SOURCE INFORMATION |
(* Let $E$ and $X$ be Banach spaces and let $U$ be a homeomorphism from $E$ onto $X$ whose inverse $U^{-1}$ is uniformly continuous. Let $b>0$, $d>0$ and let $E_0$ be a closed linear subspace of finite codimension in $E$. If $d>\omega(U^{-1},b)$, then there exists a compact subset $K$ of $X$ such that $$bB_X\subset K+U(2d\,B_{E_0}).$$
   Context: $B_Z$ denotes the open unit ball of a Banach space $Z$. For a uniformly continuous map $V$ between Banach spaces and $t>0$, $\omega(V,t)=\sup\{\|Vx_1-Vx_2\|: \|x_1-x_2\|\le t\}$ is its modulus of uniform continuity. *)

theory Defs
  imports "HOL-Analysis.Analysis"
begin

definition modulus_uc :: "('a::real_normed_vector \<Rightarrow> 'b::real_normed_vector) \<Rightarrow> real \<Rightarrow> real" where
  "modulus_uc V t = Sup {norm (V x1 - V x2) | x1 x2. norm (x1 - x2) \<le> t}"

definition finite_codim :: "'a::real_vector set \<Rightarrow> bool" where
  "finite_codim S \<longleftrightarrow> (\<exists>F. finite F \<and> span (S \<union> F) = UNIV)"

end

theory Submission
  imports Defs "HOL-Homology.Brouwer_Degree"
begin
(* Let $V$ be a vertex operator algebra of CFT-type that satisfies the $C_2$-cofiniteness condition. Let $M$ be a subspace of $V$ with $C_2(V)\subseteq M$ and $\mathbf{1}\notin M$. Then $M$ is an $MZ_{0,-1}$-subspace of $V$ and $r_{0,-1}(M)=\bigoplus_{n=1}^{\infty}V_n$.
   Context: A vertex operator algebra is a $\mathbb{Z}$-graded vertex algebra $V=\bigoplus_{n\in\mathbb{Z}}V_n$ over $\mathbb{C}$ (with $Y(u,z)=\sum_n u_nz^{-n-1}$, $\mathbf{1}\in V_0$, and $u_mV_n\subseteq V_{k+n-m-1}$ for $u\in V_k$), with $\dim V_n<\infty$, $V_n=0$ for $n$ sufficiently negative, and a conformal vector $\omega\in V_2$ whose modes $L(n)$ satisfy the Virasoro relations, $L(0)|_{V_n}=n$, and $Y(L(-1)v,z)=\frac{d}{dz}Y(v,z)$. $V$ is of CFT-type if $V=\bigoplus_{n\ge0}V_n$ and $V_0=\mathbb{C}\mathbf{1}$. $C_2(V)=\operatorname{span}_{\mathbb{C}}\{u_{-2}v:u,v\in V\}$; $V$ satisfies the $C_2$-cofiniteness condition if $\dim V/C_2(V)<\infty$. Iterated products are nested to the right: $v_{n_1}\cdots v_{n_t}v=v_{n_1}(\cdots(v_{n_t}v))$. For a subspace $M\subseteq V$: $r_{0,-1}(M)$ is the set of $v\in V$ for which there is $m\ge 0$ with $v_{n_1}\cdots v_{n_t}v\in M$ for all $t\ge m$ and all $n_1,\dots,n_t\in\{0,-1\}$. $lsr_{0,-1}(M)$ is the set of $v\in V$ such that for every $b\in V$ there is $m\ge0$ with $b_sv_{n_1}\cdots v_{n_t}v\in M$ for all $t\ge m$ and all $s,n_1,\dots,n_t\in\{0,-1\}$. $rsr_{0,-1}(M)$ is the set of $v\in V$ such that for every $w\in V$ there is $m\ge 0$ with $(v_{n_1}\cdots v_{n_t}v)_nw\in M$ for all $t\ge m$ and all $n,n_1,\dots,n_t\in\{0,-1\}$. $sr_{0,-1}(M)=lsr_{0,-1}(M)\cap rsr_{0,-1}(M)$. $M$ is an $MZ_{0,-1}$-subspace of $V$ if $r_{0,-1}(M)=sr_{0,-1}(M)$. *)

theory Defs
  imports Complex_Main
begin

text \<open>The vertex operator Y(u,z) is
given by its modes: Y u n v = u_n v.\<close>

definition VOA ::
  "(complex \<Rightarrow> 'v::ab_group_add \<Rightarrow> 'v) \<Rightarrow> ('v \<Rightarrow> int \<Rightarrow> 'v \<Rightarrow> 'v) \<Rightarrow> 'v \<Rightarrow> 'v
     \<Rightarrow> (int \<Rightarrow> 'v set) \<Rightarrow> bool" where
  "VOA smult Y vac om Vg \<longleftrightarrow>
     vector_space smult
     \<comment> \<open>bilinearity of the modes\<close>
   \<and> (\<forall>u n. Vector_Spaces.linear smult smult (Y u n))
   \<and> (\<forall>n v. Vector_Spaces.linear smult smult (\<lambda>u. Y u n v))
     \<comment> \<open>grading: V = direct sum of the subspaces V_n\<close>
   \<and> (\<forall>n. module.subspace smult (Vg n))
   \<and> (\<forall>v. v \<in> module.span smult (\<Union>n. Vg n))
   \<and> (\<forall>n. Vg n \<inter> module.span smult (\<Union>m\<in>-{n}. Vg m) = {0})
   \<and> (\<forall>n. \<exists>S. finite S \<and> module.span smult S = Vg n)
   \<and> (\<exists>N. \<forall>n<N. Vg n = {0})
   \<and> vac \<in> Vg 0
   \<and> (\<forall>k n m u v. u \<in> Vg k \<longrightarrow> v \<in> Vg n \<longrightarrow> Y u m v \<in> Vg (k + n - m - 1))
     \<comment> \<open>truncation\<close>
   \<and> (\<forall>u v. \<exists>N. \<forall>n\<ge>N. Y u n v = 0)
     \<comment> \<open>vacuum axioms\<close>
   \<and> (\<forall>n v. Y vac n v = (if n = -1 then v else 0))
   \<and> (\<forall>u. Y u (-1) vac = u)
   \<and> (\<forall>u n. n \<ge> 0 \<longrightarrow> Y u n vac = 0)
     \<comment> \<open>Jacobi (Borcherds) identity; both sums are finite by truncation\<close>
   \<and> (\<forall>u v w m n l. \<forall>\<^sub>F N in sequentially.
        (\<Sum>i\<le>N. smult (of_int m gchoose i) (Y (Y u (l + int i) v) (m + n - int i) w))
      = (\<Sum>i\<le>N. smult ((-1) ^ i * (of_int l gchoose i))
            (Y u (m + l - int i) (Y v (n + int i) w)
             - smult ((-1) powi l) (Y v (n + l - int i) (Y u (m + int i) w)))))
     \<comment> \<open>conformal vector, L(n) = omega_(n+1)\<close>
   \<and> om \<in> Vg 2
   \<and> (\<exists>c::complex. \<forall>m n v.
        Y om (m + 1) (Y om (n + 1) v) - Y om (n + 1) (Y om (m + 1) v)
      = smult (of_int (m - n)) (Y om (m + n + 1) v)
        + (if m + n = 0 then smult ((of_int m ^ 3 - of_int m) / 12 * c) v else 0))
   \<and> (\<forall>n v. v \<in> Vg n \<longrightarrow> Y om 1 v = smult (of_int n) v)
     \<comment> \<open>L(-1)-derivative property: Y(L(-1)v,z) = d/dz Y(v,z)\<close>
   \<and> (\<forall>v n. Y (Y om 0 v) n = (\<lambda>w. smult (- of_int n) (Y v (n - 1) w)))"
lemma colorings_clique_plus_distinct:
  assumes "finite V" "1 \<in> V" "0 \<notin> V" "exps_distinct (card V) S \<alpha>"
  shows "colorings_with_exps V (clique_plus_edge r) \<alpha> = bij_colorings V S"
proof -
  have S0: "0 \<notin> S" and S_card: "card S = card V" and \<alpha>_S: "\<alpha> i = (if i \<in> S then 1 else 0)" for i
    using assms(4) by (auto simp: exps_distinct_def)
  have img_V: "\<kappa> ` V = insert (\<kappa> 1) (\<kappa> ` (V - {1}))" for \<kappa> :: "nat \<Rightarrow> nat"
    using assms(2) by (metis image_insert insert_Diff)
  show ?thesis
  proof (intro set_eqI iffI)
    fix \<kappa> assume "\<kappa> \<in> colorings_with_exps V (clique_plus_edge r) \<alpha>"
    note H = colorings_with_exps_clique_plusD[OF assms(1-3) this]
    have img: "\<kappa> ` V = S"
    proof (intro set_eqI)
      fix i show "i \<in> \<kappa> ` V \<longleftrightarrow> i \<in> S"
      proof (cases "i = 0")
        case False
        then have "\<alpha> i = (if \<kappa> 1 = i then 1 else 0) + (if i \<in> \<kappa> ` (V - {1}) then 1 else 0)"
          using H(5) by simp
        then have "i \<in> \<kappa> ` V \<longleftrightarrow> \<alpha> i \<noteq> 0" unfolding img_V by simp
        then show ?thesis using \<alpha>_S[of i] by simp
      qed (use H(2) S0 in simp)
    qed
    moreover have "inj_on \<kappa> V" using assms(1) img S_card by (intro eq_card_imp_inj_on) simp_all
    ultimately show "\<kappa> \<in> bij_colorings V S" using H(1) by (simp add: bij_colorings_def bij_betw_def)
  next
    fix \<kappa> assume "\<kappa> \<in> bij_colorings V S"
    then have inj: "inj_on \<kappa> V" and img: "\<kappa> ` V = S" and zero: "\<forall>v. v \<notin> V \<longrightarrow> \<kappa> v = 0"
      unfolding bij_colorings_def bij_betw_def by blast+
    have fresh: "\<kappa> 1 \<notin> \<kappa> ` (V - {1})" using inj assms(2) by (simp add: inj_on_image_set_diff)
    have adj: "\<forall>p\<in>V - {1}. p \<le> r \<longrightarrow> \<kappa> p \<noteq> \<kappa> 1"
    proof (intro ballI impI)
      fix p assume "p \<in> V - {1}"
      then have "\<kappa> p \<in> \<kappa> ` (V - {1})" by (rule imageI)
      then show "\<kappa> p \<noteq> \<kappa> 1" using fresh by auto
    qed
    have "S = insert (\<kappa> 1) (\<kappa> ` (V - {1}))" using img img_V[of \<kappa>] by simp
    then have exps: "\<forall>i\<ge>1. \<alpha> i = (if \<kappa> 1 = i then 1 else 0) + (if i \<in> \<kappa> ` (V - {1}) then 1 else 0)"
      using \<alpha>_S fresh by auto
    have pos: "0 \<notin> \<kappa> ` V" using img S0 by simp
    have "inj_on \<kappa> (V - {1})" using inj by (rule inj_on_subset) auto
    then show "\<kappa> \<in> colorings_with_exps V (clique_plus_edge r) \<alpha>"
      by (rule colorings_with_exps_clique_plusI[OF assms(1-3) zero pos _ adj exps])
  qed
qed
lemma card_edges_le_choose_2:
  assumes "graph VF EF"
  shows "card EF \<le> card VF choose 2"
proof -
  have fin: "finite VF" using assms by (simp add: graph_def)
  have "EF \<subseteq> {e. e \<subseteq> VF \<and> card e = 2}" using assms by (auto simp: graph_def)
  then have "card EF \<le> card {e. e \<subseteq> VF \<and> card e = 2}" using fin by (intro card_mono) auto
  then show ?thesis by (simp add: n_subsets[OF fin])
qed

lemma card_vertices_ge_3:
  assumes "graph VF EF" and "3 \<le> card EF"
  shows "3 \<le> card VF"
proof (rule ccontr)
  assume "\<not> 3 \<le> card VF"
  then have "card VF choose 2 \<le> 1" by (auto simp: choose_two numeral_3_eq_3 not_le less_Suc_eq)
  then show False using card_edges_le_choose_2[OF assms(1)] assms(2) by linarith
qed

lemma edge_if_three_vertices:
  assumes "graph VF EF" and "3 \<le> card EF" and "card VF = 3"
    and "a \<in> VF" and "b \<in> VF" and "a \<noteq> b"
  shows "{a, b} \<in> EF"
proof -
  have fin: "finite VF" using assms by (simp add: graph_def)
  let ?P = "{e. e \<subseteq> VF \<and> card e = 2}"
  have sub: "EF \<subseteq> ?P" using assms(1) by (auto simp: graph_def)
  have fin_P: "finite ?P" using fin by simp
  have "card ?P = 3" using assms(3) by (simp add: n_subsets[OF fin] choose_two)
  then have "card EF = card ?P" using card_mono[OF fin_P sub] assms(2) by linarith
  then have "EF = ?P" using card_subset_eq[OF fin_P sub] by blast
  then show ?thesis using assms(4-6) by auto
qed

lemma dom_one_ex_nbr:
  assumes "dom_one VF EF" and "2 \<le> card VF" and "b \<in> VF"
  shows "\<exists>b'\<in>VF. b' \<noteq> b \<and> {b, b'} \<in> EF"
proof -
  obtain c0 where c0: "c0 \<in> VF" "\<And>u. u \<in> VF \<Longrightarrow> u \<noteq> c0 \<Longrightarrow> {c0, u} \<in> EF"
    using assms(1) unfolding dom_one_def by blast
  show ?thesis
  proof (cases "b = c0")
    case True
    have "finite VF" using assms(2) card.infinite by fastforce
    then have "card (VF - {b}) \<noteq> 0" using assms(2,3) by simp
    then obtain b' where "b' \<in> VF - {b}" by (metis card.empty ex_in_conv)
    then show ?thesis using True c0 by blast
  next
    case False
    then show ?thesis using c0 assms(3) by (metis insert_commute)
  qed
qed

WHAT TO WORK ON | Check each line of the data above for the word "False" and copy the ones where it is found.

EXPECTED OUTPUT |
        case False
  then show False using card_edges_le_choose_2[OF assms(1)] assms(2) by linarith
    case False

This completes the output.